*** Block opens ***

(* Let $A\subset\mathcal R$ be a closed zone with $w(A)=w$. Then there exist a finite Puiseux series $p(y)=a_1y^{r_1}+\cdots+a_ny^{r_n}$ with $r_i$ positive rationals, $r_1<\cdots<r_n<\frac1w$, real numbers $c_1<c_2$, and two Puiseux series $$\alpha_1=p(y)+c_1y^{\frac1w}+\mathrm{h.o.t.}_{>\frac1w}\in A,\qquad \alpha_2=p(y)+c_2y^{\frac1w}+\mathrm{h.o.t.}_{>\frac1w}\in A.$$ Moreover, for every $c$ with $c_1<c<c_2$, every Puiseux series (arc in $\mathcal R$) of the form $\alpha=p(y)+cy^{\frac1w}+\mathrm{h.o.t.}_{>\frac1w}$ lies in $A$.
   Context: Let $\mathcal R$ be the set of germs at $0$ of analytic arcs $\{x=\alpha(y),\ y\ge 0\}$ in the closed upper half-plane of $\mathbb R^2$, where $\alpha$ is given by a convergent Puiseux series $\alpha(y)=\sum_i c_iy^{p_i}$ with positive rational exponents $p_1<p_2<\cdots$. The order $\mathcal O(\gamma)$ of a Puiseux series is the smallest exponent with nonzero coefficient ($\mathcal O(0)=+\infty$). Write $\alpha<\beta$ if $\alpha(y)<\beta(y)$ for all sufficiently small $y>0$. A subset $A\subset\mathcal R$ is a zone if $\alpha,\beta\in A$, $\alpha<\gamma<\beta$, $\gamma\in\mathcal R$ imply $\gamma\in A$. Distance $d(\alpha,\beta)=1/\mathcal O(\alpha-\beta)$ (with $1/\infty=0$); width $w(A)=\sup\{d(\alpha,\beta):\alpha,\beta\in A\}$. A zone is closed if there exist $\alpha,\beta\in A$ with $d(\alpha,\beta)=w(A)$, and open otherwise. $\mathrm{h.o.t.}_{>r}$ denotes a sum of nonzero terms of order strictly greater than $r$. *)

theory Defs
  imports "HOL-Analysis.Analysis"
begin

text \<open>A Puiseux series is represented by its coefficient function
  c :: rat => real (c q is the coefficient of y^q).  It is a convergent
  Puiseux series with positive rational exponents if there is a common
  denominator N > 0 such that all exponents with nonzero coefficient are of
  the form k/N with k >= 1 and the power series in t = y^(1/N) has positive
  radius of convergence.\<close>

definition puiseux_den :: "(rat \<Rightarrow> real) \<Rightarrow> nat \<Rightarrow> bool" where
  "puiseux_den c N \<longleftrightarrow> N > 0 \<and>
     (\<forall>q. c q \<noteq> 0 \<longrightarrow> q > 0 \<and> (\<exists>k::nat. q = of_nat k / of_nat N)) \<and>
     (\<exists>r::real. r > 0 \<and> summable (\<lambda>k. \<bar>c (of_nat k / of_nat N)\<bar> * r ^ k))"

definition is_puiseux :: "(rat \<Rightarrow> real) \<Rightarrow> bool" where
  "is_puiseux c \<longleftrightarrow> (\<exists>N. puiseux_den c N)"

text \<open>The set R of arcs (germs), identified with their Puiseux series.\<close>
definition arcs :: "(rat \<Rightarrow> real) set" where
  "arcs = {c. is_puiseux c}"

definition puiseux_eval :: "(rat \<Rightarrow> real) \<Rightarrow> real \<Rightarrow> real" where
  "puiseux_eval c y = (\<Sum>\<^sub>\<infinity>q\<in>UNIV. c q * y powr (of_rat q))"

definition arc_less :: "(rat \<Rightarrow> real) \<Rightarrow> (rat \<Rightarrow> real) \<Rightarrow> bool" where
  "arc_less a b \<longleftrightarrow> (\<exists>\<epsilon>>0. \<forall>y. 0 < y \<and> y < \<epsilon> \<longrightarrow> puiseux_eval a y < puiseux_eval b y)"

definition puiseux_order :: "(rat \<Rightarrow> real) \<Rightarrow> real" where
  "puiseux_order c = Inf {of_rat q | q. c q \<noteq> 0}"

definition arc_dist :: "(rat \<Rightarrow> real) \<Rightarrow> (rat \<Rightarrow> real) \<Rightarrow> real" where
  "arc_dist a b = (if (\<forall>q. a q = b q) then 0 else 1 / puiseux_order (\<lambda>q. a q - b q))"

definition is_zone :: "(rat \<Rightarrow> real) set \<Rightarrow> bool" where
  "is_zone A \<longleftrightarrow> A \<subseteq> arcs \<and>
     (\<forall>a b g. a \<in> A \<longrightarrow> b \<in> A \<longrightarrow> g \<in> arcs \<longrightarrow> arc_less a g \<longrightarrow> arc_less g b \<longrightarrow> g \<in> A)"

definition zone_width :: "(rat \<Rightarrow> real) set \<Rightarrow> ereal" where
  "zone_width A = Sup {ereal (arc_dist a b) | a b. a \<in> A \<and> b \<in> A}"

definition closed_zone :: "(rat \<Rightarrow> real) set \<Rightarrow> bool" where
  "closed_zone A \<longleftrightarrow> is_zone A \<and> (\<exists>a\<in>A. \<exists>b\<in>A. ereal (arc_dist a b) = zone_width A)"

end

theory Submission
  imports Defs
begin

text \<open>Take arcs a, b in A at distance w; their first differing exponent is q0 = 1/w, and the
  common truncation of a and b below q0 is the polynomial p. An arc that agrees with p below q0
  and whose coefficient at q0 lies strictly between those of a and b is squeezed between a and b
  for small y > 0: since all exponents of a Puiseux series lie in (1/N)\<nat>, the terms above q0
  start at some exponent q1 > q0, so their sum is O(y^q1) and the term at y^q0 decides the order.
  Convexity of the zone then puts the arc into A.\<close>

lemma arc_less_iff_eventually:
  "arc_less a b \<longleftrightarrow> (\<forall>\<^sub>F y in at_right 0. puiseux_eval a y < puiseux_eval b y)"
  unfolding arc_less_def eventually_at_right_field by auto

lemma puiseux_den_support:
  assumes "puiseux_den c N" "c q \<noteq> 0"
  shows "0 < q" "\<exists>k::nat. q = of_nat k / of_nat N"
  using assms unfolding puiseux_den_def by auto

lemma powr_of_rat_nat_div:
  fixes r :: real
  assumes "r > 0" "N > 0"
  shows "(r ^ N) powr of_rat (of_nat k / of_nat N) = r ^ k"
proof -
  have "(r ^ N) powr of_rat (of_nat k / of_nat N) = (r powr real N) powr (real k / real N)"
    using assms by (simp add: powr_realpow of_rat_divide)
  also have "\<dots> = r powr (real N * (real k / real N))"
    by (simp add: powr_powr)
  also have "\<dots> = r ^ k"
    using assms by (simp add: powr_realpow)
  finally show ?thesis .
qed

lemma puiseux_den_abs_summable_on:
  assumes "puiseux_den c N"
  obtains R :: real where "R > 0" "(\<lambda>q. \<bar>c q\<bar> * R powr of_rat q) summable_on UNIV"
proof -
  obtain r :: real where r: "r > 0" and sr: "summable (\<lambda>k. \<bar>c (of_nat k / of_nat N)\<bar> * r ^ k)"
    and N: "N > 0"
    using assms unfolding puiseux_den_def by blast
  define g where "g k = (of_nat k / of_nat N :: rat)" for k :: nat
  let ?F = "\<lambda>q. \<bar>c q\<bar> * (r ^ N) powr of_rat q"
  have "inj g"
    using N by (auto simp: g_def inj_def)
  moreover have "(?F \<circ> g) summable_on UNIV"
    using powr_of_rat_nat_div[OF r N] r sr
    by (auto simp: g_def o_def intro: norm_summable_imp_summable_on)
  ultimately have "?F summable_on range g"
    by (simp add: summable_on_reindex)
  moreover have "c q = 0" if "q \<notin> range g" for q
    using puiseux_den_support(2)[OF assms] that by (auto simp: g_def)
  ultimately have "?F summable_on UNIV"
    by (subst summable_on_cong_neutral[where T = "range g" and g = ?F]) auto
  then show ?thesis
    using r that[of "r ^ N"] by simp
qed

*** Block closes ***
*** Block opens ***

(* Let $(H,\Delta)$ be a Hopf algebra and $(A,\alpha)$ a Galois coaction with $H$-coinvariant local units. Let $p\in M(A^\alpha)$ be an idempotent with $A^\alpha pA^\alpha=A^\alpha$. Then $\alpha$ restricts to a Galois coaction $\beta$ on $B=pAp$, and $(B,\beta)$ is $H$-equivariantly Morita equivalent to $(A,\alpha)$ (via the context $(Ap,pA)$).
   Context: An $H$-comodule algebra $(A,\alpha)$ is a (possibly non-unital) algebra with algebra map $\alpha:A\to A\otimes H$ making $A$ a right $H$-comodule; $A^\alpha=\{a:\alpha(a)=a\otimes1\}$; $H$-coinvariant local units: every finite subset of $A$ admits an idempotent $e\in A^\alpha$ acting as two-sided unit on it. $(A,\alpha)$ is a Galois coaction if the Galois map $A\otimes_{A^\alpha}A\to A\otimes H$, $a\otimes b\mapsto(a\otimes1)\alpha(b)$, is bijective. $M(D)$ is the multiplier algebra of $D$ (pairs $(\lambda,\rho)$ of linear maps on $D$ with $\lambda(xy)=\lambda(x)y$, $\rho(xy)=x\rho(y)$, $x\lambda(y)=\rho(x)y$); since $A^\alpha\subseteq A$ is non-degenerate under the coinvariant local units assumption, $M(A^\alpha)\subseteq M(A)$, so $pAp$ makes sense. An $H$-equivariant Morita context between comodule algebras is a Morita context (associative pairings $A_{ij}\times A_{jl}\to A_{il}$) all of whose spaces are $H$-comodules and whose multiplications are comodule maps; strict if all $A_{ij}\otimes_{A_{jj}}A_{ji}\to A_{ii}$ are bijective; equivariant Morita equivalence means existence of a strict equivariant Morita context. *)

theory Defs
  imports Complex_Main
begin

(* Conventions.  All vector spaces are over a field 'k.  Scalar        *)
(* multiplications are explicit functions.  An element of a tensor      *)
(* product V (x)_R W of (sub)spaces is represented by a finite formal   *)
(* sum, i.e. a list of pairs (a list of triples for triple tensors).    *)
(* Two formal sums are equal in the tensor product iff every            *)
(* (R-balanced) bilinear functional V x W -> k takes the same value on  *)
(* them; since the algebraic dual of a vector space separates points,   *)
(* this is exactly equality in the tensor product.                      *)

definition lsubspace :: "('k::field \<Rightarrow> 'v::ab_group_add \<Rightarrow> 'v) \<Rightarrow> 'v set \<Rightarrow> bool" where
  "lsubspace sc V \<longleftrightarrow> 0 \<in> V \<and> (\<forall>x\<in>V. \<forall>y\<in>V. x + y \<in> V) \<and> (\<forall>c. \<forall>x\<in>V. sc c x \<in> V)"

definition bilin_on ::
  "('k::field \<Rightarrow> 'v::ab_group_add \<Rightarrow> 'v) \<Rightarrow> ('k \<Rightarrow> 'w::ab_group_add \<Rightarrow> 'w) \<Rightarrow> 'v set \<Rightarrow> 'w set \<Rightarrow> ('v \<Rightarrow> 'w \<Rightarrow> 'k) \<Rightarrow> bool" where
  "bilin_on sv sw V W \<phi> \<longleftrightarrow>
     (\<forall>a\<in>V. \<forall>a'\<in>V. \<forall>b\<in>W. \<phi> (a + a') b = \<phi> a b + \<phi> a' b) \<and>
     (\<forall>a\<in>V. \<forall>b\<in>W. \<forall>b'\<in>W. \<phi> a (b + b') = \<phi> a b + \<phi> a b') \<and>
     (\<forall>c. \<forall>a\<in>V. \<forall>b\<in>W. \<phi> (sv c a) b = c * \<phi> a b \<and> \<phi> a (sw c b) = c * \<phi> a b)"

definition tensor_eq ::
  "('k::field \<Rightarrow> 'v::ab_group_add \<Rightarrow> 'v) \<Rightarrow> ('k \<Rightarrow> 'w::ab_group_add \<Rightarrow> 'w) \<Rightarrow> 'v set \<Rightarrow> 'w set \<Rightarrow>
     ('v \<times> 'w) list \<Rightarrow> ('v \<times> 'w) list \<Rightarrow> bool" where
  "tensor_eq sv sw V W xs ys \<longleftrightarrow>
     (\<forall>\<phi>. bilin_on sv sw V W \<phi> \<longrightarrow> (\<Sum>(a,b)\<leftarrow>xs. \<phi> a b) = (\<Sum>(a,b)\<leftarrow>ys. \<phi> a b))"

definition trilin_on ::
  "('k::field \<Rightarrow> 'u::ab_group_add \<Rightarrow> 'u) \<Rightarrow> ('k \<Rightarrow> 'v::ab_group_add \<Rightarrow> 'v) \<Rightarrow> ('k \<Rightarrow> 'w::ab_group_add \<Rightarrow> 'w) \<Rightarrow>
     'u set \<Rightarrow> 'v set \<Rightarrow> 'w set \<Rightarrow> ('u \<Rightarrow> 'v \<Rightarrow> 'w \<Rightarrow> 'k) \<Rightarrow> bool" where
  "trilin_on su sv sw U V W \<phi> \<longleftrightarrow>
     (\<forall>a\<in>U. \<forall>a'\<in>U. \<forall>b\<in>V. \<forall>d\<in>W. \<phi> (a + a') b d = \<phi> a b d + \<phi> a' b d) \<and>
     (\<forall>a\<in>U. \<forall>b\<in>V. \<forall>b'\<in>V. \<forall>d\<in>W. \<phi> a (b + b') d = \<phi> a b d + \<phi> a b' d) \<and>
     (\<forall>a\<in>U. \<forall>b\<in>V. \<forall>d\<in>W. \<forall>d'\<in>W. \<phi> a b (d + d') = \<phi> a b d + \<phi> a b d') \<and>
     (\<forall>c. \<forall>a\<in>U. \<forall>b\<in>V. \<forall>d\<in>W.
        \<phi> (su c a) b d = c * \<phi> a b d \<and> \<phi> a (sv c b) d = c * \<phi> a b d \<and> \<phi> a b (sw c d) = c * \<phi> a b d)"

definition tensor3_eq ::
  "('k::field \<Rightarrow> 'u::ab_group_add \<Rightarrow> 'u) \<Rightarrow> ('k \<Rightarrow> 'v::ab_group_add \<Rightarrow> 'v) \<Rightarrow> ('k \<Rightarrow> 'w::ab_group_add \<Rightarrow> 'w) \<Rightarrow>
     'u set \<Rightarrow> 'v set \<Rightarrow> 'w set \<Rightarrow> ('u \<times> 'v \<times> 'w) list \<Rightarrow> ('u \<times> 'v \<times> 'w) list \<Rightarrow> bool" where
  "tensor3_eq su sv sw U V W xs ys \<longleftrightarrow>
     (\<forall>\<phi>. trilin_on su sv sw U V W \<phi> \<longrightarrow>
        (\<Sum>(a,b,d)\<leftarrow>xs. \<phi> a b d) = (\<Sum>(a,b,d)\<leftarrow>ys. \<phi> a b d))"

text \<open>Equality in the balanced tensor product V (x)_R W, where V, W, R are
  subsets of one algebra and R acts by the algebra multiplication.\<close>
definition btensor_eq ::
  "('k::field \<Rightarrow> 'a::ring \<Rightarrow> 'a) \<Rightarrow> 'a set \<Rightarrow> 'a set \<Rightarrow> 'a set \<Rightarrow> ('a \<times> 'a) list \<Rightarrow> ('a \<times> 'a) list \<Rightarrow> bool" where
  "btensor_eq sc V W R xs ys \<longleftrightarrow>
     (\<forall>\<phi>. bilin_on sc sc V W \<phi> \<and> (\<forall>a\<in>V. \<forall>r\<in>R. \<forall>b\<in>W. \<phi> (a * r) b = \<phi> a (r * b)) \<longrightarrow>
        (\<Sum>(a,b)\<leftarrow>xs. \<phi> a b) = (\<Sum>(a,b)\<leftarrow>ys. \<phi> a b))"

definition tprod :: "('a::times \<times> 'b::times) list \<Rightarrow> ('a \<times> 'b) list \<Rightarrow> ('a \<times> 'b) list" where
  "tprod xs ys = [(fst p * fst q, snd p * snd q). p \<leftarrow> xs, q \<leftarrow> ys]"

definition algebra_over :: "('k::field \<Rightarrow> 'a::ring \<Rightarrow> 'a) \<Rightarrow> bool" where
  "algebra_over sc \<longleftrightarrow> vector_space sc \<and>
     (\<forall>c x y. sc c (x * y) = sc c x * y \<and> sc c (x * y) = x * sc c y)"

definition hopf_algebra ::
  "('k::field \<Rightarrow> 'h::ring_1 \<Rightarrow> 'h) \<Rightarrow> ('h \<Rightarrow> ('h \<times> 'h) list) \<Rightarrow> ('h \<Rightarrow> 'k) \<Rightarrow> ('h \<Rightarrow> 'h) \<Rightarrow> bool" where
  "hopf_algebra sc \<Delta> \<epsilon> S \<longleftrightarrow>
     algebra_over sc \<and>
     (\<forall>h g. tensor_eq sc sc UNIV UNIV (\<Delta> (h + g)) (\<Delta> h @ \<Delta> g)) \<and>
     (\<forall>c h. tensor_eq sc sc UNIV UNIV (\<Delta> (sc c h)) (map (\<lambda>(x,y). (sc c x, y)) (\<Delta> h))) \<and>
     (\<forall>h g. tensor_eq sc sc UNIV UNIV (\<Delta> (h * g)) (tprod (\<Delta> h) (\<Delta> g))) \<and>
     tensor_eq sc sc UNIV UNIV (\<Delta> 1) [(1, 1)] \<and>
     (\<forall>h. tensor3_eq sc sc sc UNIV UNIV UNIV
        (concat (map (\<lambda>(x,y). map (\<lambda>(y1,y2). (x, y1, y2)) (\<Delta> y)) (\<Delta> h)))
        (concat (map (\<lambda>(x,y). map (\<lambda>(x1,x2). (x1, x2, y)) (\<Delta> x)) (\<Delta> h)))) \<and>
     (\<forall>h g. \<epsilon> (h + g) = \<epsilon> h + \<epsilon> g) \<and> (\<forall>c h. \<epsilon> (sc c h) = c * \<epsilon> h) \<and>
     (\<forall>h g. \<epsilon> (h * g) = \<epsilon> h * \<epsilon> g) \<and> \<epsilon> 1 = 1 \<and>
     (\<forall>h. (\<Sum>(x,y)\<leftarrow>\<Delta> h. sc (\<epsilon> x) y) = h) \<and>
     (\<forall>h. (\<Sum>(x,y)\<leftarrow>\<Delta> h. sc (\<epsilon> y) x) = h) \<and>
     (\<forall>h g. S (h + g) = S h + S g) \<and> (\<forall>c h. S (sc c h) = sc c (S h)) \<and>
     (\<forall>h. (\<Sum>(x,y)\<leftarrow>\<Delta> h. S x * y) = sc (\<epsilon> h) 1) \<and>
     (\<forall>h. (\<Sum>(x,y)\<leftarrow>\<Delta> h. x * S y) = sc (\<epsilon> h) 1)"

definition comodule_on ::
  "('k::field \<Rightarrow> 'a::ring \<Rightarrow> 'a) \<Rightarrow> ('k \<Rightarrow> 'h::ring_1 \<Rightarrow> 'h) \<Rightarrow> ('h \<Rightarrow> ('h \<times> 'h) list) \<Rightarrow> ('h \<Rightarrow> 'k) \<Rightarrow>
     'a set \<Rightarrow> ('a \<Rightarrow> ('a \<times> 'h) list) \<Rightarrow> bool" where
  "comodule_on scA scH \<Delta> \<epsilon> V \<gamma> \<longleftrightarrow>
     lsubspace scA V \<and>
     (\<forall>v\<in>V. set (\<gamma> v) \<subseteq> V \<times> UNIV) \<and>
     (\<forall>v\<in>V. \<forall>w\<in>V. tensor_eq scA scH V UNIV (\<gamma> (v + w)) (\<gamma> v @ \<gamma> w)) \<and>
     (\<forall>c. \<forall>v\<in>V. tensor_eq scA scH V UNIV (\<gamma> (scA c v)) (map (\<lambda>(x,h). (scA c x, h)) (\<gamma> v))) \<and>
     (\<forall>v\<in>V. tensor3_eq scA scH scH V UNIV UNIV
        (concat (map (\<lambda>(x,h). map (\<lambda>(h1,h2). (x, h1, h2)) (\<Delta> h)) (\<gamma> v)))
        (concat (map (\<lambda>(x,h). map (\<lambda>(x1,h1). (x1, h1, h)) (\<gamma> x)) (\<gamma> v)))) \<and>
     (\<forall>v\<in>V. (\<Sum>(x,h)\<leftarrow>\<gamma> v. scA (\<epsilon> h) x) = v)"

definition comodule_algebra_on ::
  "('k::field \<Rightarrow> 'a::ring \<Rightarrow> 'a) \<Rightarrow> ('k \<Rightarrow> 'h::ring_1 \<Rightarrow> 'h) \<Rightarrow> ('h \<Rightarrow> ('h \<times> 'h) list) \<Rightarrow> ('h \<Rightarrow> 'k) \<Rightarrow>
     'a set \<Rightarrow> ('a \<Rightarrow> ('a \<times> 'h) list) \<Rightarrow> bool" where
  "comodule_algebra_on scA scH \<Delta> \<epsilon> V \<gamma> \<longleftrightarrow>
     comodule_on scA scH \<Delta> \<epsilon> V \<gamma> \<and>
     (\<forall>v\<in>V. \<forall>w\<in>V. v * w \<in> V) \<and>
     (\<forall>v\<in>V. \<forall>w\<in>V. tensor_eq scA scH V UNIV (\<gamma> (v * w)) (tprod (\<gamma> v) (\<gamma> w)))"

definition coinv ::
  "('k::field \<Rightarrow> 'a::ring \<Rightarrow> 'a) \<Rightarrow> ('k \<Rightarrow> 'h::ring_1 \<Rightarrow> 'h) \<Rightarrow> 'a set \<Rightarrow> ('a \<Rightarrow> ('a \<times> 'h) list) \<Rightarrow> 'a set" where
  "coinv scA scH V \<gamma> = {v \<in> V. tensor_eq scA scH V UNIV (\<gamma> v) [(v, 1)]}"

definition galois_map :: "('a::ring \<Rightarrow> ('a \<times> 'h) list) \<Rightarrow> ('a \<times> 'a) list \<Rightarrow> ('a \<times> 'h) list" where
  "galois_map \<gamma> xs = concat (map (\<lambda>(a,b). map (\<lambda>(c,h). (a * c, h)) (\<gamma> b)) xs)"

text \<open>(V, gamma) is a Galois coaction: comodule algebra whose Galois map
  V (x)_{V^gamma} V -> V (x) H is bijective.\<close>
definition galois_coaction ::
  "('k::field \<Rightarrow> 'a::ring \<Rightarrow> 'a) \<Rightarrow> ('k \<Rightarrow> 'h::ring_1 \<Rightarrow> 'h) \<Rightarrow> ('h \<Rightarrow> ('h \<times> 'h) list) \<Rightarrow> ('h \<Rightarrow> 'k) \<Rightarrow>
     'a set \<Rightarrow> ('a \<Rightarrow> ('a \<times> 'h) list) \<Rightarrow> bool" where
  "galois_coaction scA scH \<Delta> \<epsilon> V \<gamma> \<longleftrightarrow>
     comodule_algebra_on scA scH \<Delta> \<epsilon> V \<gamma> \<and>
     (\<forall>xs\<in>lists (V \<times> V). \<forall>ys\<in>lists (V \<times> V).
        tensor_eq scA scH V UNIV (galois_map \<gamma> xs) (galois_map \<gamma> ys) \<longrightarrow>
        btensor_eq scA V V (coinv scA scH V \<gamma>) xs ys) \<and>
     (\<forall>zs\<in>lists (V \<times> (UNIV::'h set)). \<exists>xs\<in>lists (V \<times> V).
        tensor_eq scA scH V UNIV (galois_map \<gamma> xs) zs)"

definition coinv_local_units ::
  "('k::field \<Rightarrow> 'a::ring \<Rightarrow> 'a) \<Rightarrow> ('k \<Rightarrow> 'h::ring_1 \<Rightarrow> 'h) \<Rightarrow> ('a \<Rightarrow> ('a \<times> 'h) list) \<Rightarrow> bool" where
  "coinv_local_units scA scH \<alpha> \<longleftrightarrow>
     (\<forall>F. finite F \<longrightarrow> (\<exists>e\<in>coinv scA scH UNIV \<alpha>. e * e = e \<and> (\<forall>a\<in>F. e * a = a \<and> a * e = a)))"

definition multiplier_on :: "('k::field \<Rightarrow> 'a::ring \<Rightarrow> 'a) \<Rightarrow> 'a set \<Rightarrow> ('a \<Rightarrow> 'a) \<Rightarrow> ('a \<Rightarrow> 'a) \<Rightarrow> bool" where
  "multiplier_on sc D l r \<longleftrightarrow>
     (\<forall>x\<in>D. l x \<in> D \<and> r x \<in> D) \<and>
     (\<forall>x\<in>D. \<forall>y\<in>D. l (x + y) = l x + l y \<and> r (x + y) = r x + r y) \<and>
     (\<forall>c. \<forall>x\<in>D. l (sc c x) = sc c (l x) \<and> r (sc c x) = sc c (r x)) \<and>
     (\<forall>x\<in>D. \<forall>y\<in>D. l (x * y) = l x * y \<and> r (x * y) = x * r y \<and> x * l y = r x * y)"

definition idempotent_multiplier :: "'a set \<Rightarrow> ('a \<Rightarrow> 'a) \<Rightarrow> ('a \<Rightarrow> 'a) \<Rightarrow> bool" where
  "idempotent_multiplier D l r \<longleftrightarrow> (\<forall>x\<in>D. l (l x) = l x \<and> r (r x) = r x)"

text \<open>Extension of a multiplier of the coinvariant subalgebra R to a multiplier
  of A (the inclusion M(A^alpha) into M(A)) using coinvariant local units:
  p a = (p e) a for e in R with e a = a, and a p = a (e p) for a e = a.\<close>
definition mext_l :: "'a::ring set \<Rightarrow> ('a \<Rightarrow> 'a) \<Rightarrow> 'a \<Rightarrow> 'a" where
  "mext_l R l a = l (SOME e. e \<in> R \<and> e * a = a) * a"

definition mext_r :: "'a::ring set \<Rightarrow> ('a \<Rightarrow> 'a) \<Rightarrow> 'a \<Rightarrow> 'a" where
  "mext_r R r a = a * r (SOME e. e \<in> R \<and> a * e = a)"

*** Block closes ***

▶ [What to work on] Please copy the lines in the records above between the one holding "text \<open>A Puiseux" and the one holding "Puiseux series with", inclusive, exactly and with no other line.

▶ [Result for this exercise]
text \<open>A Puiseux series is represented by its coefficient function
  c :: rat => real (c q is the coefficient of y^q).  It is a convergent
  Puiseux series with positive rational exponents if there is a common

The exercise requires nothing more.